WHAT YOU WILL DO →
Please return every line below that contains the string "TrueT".

────────────────

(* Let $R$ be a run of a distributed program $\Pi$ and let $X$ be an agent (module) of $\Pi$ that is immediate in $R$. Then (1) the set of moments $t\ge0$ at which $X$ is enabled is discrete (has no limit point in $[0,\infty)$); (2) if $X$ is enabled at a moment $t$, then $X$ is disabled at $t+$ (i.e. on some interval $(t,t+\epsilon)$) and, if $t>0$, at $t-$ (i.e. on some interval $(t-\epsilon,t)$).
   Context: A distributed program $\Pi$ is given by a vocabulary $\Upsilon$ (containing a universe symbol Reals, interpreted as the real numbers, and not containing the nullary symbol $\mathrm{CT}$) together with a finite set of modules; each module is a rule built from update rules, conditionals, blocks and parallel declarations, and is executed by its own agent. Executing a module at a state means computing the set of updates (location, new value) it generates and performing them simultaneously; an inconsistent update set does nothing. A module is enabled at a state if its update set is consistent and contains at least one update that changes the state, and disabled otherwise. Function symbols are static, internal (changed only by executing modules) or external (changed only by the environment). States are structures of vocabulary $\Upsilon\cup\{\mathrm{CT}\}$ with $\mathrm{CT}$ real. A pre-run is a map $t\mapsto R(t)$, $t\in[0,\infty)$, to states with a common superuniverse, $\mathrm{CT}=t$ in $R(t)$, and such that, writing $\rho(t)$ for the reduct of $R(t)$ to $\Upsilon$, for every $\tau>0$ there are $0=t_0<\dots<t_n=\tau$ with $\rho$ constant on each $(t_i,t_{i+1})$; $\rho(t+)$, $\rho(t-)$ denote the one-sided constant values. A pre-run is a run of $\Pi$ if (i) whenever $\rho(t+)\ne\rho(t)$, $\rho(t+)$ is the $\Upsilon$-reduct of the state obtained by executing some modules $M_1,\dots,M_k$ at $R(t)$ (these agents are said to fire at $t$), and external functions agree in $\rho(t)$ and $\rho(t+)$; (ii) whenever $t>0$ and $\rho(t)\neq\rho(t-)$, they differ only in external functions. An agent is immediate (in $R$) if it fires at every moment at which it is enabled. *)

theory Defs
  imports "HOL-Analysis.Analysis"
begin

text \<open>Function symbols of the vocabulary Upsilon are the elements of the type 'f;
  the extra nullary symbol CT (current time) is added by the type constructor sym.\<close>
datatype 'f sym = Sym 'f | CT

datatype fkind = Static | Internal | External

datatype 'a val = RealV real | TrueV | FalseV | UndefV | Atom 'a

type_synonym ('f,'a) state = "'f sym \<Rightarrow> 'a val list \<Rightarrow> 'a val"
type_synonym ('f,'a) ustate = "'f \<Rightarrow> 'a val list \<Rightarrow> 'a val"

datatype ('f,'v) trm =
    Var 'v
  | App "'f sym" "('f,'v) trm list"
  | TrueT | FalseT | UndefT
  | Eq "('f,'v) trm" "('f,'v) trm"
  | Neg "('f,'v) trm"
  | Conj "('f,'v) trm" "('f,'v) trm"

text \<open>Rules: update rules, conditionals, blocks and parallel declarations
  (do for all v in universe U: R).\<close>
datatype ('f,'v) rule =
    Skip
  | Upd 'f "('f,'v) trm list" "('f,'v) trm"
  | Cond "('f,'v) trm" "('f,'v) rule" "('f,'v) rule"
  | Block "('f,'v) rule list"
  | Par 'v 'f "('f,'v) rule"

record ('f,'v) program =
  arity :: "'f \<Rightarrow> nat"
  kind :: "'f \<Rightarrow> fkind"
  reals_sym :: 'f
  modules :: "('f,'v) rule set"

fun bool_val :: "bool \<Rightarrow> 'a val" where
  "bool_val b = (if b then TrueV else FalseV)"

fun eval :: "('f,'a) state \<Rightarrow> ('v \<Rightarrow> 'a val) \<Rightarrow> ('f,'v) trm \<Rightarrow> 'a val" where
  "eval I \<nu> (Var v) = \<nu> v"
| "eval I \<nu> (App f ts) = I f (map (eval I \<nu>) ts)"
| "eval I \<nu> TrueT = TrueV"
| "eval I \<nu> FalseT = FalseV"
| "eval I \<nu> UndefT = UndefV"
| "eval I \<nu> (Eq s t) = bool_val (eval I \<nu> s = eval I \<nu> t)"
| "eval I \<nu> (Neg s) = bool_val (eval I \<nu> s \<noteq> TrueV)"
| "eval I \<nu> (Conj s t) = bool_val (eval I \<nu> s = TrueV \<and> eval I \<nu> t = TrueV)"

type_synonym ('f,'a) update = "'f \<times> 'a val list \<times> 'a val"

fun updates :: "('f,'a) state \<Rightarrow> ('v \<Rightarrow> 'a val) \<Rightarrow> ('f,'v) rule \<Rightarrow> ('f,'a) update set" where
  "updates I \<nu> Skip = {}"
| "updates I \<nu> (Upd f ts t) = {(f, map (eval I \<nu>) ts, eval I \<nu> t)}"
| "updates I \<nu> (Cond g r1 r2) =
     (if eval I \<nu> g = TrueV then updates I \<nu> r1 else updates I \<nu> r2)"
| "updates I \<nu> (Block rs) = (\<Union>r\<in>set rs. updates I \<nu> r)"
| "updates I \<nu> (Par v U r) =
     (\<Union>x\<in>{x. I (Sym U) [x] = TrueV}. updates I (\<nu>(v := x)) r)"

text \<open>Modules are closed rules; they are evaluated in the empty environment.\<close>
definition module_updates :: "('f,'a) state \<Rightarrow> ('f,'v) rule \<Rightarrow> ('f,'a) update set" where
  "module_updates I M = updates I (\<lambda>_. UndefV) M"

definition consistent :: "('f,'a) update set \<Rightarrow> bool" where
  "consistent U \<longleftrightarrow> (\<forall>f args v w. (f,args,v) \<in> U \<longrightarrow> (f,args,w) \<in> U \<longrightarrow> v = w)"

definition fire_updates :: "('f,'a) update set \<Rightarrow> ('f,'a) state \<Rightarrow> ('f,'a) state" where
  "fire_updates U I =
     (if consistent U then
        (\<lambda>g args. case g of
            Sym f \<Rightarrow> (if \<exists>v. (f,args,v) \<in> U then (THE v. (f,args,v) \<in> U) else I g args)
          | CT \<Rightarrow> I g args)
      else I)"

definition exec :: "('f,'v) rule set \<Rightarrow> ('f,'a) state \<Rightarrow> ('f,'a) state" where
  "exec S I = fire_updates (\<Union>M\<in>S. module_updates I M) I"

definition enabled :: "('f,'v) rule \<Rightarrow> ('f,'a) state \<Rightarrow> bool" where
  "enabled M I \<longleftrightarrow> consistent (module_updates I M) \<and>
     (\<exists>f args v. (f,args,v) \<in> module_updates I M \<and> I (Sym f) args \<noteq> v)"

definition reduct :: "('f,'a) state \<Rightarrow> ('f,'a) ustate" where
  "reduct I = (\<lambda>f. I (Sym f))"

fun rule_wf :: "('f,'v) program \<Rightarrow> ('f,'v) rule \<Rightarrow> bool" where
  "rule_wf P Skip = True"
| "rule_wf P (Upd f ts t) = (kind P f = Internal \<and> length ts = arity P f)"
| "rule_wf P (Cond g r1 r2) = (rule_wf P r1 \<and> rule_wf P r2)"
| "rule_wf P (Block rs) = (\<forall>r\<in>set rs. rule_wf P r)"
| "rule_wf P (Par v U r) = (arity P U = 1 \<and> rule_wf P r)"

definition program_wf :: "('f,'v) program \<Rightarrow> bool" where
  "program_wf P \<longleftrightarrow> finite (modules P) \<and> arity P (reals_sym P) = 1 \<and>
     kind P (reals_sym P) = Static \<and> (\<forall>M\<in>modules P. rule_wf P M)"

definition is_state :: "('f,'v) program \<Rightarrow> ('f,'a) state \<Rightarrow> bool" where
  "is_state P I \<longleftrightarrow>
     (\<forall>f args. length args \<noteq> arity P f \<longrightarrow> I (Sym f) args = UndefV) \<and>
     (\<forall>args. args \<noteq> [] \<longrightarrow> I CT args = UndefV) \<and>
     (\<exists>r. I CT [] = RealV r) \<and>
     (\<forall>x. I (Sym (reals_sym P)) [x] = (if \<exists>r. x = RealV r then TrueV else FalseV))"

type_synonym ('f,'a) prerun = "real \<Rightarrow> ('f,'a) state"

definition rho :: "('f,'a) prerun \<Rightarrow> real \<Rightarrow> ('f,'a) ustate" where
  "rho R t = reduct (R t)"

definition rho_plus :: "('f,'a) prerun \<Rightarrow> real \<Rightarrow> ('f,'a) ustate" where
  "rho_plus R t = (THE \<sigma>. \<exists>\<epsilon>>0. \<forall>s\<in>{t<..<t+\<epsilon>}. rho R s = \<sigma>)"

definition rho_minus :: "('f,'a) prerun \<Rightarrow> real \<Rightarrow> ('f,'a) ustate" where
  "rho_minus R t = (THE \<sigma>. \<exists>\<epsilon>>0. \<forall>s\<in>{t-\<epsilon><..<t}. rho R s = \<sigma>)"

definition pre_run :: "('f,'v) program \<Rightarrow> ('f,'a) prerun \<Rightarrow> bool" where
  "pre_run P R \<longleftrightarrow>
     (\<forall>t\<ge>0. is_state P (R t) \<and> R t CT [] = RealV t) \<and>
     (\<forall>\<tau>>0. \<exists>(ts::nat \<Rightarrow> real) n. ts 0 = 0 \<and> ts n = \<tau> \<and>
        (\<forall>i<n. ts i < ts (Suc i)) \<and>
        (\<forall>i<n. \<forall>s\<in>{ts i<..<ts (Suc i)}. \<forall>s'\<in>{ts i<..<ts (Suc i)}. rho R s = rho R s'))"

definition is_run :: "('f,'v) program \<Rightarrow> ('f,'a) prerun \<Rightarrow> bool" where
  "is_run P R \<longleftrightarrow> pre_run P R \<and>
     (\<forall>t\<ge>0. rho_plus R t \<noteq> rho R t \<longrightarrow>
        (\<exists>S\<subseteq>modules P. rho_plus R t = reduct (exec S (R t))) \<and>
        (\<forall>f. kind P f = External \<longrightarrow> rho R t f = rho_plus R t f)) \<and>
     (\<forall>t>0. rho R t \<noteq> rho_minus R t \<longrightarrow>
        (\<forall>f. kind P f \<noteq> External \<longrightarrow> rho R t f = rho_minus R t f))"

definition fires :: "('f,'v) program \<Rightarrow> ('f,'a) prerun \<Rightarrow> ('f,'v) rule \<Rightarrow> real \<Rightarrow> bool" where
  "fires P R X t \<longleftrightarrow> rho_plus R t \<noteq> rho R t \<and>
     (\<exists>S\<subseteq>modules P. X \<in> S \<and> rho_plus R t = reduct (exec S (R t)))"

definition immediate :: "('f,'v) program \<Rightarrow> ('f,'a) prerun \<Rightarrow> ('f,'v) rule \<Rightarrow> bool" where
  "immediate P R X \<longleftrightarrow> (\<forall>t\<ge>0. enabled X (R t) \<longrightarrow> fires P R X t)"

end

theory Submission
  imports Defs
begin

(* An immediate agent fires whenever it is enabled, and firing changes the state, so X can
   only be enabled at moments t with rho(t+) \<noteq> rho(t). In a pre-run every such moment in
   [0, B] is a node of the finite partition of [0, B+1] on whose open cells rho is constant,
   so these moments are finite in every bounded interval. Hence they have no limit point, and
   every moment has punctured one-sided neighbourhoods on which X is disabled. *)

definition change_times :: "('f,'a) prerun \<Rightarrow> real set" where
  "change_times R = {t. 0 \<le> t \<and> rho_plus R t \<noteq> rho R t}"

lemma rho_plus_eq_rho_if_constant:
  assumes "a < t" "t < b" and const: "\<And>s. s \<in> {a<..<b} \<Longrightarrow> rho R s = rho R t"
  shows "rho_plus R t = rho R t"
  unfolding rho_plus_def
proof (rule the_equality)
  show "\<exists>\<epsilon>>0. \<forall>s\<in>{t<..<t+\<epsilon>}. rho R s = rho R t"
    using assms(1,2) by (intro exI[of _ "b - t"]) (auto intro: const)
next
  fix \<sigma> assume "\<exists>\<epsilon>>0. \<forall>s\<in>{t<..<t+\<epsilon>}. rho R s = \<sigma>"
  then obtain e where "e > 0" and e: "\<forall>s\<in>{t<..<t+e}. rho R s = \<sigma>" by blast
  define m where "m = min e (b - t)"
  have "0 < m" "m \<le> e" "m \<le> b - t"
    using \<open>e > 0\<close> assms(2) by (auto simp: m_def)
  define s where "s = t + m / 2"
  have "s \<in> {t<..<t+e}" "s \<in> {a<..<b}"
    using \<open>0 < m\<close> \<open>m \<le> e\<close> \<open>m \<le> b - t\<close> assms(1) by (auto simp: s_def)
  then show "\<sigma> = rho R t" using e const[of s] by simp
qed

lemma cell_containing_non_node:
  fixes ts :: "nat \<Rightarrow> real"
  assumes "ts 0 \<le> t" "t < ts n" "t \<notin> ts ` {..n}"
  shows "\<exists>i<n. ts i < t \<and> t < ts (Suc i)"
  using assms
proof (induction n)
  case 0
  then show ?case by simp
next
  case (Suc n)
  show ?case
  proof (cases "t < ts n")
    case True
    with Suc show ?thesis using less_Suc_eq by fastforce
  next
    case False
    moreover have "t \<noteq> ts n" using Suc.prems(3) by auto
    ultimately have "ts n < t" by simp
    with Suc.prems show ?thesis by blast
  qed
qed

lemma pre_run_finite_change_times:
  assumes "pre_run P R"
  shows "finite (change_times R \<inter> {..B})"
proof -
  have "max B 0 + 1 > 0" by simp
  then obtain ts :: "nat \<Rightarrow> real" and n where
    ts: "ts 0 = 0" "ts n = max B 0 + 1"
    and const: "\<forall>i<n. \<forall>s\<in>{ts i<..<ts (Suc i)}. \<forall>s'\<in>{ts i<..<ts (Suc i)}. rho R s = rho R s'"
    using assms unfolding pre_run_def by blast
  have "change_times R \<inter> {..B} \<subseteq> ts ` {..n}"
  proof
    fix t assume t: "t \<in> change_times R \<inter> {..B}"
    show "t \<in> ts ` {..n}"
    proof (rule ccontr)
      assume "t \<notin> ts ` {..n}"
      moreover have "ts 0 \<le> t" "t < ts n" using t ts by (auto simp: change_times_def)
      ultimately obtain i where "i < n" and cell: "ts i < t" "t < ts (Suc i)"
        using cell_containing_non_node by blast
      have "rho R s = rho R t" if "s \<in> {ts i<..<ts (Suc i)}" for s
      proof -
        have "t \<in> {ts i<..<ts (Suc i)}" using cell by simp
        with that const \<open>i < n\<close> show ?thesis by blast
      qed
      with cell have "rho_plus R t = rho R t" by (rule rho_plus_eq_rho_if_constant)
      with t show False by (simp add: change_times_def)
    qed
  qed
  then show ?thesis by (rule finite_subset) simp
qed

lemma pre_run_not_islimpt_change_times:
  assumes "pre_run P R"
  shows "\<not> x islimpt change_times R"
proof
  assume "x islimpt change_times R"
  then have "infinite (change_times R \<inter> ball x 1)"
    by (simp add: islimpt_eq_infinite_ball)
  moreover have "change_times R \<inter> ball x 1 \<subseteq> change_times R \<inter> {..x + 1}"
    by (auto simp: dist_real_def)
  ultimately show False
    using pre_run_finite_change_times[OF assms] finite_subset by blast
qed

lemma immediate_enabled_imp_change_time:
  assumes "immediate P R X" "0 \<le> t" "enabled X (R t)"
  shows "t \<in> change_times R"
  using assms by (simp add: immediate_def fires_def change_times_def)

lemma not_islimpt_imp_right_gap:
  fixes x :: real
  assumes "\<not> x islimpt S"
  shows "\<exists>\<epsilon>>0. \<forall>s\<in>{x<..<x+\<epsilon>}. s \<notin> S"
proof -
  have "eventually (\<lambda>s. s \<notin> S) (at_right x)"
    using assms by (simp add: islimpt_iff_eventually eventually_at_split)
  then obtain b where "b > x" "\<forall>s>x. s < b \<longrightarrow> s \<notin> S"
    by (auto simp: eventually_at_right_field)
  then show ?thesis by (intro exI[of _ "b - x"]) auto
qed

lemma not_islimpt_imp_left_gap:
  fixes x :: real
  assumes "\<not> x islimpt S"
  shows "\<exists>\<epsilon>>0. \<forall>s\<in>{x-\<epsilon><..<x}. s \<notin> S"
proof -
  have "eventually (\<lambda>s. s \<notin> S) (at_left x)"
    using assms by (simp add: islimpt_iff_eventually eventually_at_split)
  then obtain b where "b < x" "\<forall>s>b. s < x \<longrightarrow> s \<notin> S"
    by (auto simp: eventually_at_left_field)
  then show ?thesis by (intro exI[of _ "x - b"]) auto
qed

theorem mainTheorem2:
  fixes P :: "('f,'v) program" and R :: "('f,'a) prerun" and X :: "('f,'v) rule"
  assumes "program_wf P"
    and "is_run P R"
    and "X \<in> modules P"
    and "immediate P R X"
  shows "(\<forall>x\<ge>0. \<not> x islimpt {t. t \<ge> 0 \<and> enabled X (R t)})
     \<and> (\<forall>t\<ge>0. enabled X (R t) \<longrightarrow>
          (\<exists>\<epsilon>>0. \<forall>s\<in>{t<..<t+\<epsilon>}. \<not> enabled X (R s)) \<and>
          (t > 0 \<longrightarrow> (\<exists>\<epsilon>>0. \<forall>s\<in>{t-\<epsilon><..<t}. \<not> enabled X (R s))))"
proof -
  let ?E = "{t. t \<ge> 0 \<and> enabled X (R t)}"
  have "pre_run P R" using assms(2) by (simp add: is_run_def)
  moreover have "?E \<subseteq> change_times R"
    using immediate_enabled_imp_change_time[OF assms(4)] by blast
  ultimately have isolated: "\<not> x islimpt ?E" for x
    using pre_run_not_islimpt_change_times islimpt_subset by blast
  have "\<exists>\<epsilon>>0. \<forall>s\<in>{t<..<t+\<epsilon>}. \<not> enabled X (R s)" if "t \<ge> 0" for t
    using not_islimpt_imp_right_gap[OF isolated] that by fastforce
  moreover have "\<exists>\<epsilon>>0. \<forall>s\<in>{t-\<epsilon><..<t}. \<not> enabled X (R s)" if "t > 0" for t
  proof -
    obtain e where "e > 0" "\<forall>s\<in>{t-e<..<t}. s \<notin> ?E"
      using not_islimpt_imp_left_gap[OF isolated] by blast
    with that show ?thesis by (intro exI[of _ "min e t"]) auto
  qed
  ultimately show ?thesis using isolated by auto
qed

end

────────────────

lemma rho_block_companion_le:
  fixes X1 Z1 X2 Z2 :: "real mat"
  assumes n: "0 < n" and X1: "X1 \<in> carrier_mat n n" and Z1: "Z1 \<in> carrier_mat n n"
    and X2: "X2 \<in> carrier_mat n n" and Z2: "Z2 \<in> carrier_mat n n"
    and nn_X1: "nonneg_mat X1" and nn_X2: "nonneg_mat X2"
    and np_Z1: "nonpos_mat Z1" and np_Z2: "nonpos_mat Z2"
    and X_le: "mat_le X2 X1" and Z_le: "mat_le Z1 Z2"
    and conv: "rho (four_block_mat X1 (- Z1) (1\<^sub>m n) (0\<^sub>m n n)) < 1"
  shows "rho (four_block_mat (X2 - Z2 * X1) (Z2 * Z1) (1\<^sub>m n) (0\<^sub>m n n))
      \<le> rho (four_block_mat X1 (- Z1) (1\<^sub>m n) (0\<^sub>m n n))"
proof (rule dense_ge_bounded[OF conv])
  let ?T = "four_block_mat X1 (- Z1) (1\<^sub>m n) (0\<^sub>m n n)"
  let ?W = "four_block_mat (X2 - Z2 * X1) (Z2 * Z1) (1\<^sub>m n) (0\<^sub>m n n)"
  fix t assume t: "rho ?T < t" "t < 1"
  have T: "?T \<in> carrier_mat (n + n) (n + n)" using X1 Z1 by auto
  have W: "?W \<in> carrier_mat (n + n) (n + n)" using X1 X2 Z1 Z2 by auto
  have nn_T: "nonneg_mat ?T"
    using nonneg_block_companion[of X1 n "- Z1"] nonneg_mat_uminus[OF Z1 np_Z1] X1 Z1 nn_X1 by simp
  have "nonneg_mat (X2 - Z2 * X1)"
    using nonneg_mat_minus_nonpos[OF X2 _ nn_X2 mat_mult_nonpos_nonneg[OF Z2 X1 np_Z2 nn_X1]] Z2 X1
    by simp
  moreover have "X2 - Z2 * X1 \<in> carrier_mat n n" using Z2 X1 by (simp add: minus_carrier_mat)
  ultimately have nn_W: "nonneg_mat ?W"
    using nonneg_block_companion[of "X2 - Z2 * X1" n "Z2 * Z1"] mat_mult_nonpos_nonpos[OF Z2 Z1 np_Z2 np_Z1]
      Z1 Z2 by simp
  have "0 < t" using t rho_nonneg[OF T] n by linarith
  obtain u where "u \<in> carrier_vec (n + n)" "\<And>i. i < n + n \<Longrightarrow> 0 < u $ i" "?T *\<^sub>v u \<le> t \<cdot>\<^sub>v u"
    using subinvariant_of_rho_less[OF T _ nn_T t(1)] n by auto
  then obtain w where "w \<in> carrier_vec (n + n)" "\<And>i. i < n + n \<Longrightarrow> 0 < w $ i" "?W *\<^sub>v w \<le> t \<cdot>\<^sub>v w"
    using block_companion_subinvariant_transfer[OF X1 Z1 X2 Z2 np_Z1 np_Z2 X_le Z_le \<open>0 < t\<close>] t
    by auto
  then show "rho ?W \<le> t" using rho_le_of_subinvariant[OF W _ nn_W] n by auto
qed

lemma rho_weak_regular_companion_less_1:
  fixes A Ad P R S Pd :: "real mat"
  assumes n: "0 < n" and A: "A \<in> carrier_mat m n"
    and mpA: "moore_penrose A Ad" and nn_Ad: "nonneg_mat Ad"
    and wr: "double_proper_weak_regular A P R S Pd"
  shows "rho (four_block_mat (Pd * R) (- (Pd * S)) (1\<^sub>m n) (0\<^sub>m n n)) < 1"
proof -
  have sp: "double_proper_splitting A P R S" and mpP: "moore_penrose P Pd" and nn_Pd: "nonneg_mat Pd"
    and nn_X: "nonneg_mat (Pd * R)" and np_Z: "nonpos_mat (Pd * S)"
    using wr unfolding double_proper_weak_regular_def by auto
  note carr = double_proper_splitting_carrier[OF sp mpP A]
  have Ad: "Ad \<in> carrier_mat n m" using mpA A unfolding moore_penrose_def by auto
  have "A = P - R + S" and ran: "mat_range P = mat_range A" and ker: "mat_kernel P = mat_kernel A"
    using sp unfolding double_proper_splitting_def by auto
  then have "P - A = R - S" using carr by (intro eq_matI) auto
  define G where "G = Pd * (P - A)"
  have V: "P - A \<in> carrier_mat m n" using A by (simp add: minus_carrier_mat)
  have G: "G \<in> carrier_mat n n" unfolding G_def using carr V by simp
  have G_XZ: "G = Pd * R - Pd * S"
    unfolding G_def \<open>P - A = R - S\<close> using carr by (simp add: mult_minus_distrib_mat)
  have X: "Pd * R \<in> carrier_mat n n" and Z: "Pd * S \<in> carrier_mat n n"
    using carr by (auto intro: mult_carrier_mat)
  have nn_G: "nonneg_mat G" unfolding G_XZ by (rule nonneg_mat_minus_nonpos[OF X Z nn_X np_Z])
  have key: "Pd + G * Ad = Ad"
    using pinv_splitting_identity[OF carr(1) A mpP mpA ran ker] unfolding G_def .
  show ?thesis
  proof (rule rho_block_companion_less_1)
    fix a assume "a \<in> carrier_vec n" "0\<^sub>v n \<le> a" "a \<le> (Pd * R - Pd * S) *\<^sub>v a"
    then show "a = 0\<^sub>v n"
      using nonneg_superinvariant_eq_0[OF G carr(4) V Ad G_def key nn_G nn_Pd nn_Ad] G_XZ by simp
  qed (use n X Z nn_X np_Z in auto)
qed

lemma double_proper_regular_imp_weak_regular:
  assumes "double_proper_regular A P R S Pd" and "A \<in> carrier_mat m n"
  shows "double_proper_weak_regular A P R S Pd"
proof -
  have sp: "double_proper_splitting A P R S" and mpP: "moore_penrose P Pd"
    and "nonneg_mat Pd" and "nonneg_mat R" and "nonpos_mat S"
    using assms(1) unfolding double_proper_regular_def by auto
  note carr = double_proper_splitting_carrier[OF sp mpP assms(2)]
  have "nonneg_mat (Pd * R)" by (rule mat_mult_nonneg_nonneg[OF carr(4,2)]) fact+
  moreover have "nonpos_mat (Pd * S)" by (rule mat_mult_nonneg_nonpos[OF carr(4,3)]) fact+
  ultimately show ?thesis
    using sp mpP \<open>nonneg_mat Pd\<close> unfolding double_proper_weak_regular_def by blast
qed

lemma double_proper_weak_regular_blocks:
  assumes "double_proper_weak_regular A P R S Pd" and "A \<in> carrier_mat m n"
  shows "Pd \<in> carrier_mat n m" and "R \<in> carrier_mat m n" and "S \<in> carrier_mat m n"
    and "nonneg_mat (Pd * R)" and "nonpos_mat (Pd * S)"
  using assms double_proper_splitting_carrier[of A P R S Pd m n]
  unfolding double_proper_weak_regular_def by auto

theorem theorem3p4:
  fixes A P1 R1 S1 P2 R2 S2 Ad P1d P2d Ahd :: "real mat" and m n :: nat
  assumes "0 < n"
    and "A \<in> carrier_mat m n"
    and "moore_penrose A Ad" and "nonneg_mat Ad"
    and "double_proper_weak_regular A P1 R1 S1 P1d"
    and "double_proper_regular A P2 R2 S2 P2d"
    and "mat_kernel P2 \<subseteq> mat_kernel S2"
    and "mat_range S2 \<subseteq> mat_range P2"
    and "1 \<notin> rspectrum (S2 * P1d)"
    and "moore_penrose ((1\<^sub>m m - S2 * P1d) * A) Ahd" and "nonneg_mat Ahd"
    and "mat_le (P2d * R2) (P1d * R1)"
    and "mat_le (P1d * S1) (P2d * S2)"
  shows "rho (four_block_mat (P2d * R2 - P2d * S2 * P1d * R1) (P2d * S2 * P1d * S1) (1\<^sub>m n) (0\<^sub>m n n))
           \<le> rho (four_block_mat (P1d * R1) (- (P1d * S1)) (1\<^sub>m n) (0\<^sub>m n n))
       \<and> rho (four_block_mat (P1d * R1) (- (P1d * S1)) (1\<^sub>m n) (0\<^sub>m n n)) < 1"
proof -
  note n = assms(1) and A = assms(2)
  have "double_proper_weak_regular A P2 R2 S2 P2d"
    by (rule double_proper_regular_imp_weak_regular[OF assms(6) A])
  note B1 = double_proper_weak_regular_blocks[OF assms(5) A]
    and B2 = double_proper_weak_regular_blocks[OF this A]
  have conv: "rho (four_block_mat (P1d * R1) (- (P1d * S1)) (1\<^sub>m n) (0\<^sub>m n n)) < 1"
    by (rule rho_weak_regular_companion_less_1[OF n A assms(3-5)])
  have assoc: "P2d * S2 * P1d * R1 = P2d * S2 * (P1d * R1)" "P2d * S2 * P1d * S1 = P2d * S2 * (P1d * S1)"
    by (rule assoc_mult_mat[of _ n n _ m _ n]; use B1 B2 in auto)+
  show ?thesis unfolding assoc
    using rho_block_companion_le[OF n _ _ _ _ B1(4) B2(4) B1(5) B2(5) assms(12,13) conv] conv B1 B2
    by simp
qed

────────────────

SOLUTION TO THE PROBLEM →
  | TrueT | FalseT | UndefT
| "eval I \<nu> TrueT = TrueV"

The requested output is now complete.